Locals flunk parks in new online report 

The City’s playgrounds are getting failing grades from local residents, largely due to vandalism and unsafe conditions, according to a report released Feb. 12.

ParksScan, a partnership between the Neighborhood Parks Council and the Recreation and Park Department, premiered online in 2005 as a way for residents and city officials to report and upload pictures of their observations. The data can be viewed by facility, district or citywide.

According to the report, 1,621 complaints about 153 different city parks were submitted in 2006 — and 60 percent of them were attributed to vandalism such as graffiti, broken glass, trashed bathrooms and broken sprinklers.

"Vandalism is one of the biggest priorities for the department on a day-to-day basis, it is definitely eating up funds in the millions of dollars magnitude.

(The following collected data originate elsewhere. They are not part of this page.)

(* Let $n\geq 5$. Suppose (1) every graph in $\mathcal{GAQ}_{n-1}$ is even strongly super matched, and (2) every graph in $\mathcal{GAQ}_{n-1}$ is fractional strongly super matched. Then every graph in $\mathcal{GAQ}_n$ is fractional strongly super matched.
   Context: The $n$-dimensional augmented cube $AQ_n$ ($n\geq 1$) has vertex set all binary strings $u_1u_2\cdots u_n$. $AQ_1\cong K_2$ on vertices $0,1$. For $n\geq 2$, $AQ_n$ consists of a copy $AQ^0_{n-1}$ of $AQ_{n-1}$ with $0$ prefixed to every label and a copy $AQ^1_{n-1}$ with $1$ prefixed, plus the following edges: $0u_1\cdots u_{n-1}$ is adjacent to $1v_1\cdots v_{n-1}$ iff either $u_i=v_i$ for all $i$ (cross edge) or $u_i\neq v_i$ for all $i$ (complement edge). Generalized augmented cubes: $\mathcal{GAQ}_4=\{AQ_4\}$; for $n\geq 5$, $\mathcal{GAQ}_n$ consists of all graphs $(V_1\cup V_2, E_1\cup E_2\cup M_1\cup M_2)$ where $(V_1,E_1),(V_2,E_2)$ are (vertex-disjoint copies of, possibly identical) graphs in $\mathcal{GAQ}_{n-1}$ and $M_1,M_2$ are edge-disjoint perfect matchings between $V_1$ and $V_2$; such graphs are $(2n-1)$-regular on $2^n$ vertices. For $F\subseteq V(G)\cup E(G)$, $G-F$ denotes $G$ with the vertices and edges of $F$ deleted. A strong matching preclusion (SMP) set of $G$ is a set $F\subseteq V(G)\cup E(G)$ such that $G-F$ has neither a perfect matching nor an almost-perfect matching (a matching covering all vertices but one); $smp(G)$ is the minimum size of an SMP set, and an SMP set of that size is optimal. $G$ is strongly maximally matched if $smp(G)=\delta(G)$ (minimum degree). For an even graph $G$ (even number of vertices), an optimal SMP set $F$ is trivial if $G-F$ has an isolated vertex and $F$ contains an even number of vertices. $G$ is even strongly super matched if it is strongly maximally matched and every optimal SMP set containing an even number of vertices is trivial. A fractional perfect matching of $G$ is $f:E(G)\to[0,1]$ with $\sum_{e\ni v}f(e)=1$ for every vertex $v$. A fractional strong matching preclusion (FSMP) set is $F\subseteq V(G)\cup E(G)$ with $G-F$ having no fractional perfect matching; $fsmp(G)$ is the minimum size of an FSMP set, and an FSMP set of that size is optimal. $G$ is fractional strongly maximally matched if $fsmp(G)=\delta(G)$, and fractional strongly super matched if in addition $G-F$ has an isolated vertex for every optimal FSMP set $F$. *)

theory Defs
  imports Complex_Main
begin

text \<open>A (finite simple) graph is a pair (V, E) of a vertex set and a set of
  2-element edges.\<close>
type_synonym 'a graph = "'a set \<times> 'a set set"

definition verts :: "'a graph \<Rightarrow> 'a set" where "verts G = fst G"
definition edges :: "'a graph \<Rightarrow> 'a set set" where "edges G = snd G"

fun aq_adj :: "bool list \<Rightarrow> bool list \<Rightarrow> bool" where
  "aq_adj [] [] = False"
| "aq_adj (a # u) (b # v) =
     (length u = length v \<and>
      (if a = b then aq_adj u v else (u = v \<or> list_all2 (\<noteq>) u v)))"
| "aq_adj _ _ = False"

definition AQ :: "nat \<Rightarrow> bool list graph" where
  "AQ n = ({xs. length xs = n},
           {{u, v} | u v. length u = n \<and> length v = n \<and> aq_adj u v})"

definition graph_image :: "('b \<Rightarrow> 'a) \<Rightarrow> 'b graph \<Rightarrow> 'a graph" where
  "graph_image f G = (f ` verts G, (\<lambda>e. f ` e) ` edges G)"

definition perfect_matching_between :: "'a set set \<Rightarrow> 'a set \<Rightarrow> 'a set \<Rightarrow> bool" where
  "perfect_matching_between M V1 V2 \<longleftrightarrow>
     (\<forall>e\<in>M. \<exists>u\<in>V1. \<exists>v\<in>V2. e = {u, v}) \<and>
     (\<forall>x\<in>V1 \<union> V2. \<exists>!e. e \<in> M \<and> x \<in> e)"

inductive gaq :: "nat \<Rightarrow> 'a graph \<Rightarrow> bool" where
  base: "inj_on f (verts (AQ 4)) \<Longrightarrow> gaq 4 (graph_image f (AQ 4))"
| step: "\<lbrakk> gaq n (V1, E1); gaq n (V2, E2); V1 \<inter> V2 = {};
          perfect_matching_between M1 V1 V2; perfect_matching_between M2 V1 V2;
          M1 \<inter> M2 = {} \<rbrakk>
         \<Longrightarrow> gaq (Suc n) (V1 \<union> V2, E1 \<union> E2 \<union> M1 \<union> M2)"

text \<open>Fault sets F \<subseteq> V(G) \<union> E(G), represented as a pair (vertex faults, edge faults).\<close>
definition fault_set :: "'a graph \<Rightarrow> 'a set \<times> 'a set set \<Rightarrow> bool" where
  "fault_set G F \<longleftrightarrow> fst F \<subseteq> verts G \<and> snd F \<subseteq> edges G"

definition fsize :: "'a set \<times> 'a set set \<Rightarrow> nat" where
  "fsize F = card (fst F) + card (snd F)"

definition delete :: "'a graph \<Rightarrow> 'a set \<times> 'a set set \<Rightarrow> 'a graph" where
  "delete G F = (verts G - fst F, {e \<in> edges G - snd F. e \<inter> fst F = {}})"

definition degree :: "'a graph \<Rightarrow> 'a \<Rightarrow> nat" where
  "degree G v = card {e \<in> edges G. v \<in> e}"

definition min_degree :: "'a graph \<Rightarrow> nat" where
  "min_degree G = Min (degree G ` verts G)"

definition has_isolated_vertex :: "'a graph \<Rightarrow> bool" where
  "has_isolated_vertex G \<longleftrightarrow> (\<exists>v\<in>verts G. \<forall>e\<in>edges G. v \<notin> e)"

definition matching :: "'a graph \<Rightarrow> 'a set set \<Rightarrow> bool" where
  "matching G M \<longleftrightarrow> M \<subseteq> edges G \<and> (\<forall>e1\<in>M. \<forall>e2\<in>M. e1 \<noteq> e2 \<longrightarrow> e1 \<inter> e2 = {})"

definition perfect_matching :: "'a graph \<Rightarrow> 'a set set \<Rightarrow> bool" where
  "perfect_matching G M \<longleftrightarrow> matching G M \<and> \<Union>M = verts G"

definition almost_perfect_matching :: "'a graph \<Rightarrow> 'a set set \<Rightarrow> bool" where
  "almost_perfect_matching G M \<longleftrightarrow> matching G M \<and> (\<exists>v\<in>verts G. \<Union>M = verts G - {v})"

definition fractional_perfect_matching :: "'a graph \<Rightarrow> ('a set \<Rightarrow> real) \<Rightarrow> bool" where
  "fractional_perfect_matching G f \<longleftrightarrow>
     (\<forall>e\<in>edges G. 0 \<le> f e \<and> f e \<le> 1) \<and>
     (\<forall>v\<in>verts G. (\<Sum>e\<in>{e \<in> edges G. v \<in> e}. f e) = 1)"

definition smp_set :: "'a graph \<Rightarrow> 'a set \<times> 'a set set \<Rightarrow> bool" where
  "smp_set G F \<longleftrightarrow> fault_set G F \<and>
     \<not> (\<exists>M. perfect_matching (delete G F) M) \<and>
     \<not> (\<exists>M. almost_perfect_matching (delete G F) M)"

definition smp :: "'a graph \<Rightarrow> nat" where
  "smp G = (LEAST k. \<exists>F. smp_set G F \<and> fsize F = k)"

definition optimal_smp_set :: "'a graph \<Rightarrow> 'a set \<times> 'a set set \<Rightarrow> bool" where
  "optimal_smp_set G F \<longleftrightarrow> smp_set G F \<and> fsize F = smp G"

definition fsmp_set :: "'a graph \<Rightarrow> 'a set \<times> 'a set set \<Rightarrow> bool" where
  "fsmp_set G F \<longleftrightarrow> fault_set G F \<and>
     \<not> (\<exists>f. fractional_perfect_matching (delete G F) f)"

definition fsmp :: "'a graph \<Rightarrow> nat" where
  "fsmp G = (LEAST k. \<exists>F. fsmp_set G F \<and> fsize F = k)"

definition optimal_fsmp_set :: "'a graph \<Rightarrow> 'a set \<times> 'a set set \<Rightarrow> bool" where
  "optimal_fsmp_set G F \<longleftrightarrow> fsmp_set G F \<and> fsize F = fsmp G"

definition strongly_maximally_matched :: "'a graph \<Rightarrow> bool" where
  "strongly_maximally_matched G \<longleftrightarrow> smp G = min_degree G"

definition trivial_optimal_smp_set :: "'a graph \<Rightarrow> 'a set \<times> 'a set set \<Rightarrow> bool" where
  "trivial_optimal_smp_set G F \<longleftrightarrow>
     optimal_smp_set G F \<and> has_isolated_vertex (delete G F) \<and> even (card (fst F))"

definition even_strongly_super_matched :: "'a graph \<Rightarrow> bool" where
  "even_strongly_super_matched G \<longleftrightarrow> strongly_maximally_matched G \<and>
     (\<forall>F. optimal_smp_set G F \<and> even (card (fst F)) \<longrightarrow> trivial_optimal_smp_set G F)"

definition fractional_strongly_maximally_matched :: "'a graph \<Rightarrow> bool" where
  "fractional_strongly_maximally_matched G \<longleftrightarrow> fsmp G = min_degree G"

definition fractional_strongly_super_matched :: "'a graph \<Rightarrow> bool" where
  "fractional_strongly_super_matched G \<longleftrightarrow> fractional_strongly_maximally_matched G \<and>
     (\<forall>F. optimal_fsmp_set G F \<longrightarrow> has_isolated_vertex (delete G F))"

end

theory Submission
  imports Defs
begin

text \<open>Every graph of \<open>GAQ\<^sub>n\<close> is simple, \<open>(2n-1)\<close>-regular and of even order, and two vertices have at most
  \<open>2n-4\<close> common neighbours; besides the two induction hypotheses, this is all the proof uses. A
  regular graph is fractional strongly super matched once every fault set of size at most the degree
  that leaves no isolated vertex leaves a fractional perfect matching.

  So let \<open>G\<close> be glued from halves \<open>G\<^sub>1\<close>, \<open>G\<^sub>2\<close> by two perfect matchings, with at most \<open>2n-1\<close>
  faults, \<open>G\<^sub>1\<close> carrying at least as many as \<open>G\<^sub>2\<close>. If \<open>G\<^sub>1\<close> carries at most \<open>2n-4\<close>, both halves
  keep fractional perfect matchings. Otherwise one restores a faulty vertex or edge of \<open>G\<^sub>1\<close>, or
  deletes its isolated vertex, or (with all \<open>2n-1\<close> faults in \<open>G\<^sub>1\<close>) takes a perfect matching of \<open>G\<^sub>1\<close>
  after deleting an even part of the faults. This yields a fractional matching of the damaged \<open>G\<^sub>1\<close>
  that misses a little weight at few vertices; that weight is carried to \<open>G\<^sub>2\<close> along surviving
  cross edges. \<open>G\<^sub>2\<close> absorbs it because it stays fractionally perfectly matchable after a few further
  vertex deletions, and convex combinations of those matchings have any prescribed small deficiency.\<close>

definition neighbours :: "'a graph \<Rightarrow> 'a \<Rightarrow> 'a set" where
  "neighbours G x = {w. {x, w} \<in> edges G}"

It’s psychologically troubling for the staff and people who use the parks," said Rose Marie Dennis, spokeswoman for the Recreation and Park Department.

ParkScan.org Technical Services & Outreach Coordinator Alfredo Pedroza said most residents reported unsafe conditions at neighborhood playgrounds to be their top priority. A "D" or "F" grade — based on national standards of playground safety — was handed out to 30 playgrounds in The City for their lack of cleanliness and maintenance. Of those 30, five have been closed or slated for renovations.

The Mission district’s Franklin Square playground was one of The City’s worst according to the 2006 data — it had 60 complaints that included illegal camping, prostitution, gang activity and drug use. West Sunset playground, another troubled park, had complaints of illegal parking, driving and late-night drinking.

The report’s most improved park was 24th Street Mini Park. Pedroza described the park as a "rags-to-riches" story in which community members rallied using ParkScan data and help from local politicians to turn it into an "oasis."

"This is a great tool for communication. Often the department doesn’t know what’s going on out there," said resident Maria De La Mora, who has used the system to report litter and dumping at Garfield Square’s athletic field.

The department’s nine Neighborhood Service Area managers receive and respond to complaints, 79 percent of which were closed in 2006.

Dennis said the department’s 2006-2007 fiscal year operating budget is $90 million. The department’s latest budget presentation suggested hiring up to five new custodians and as many as 10 full-time rangers to address maintenance and enforce park codes.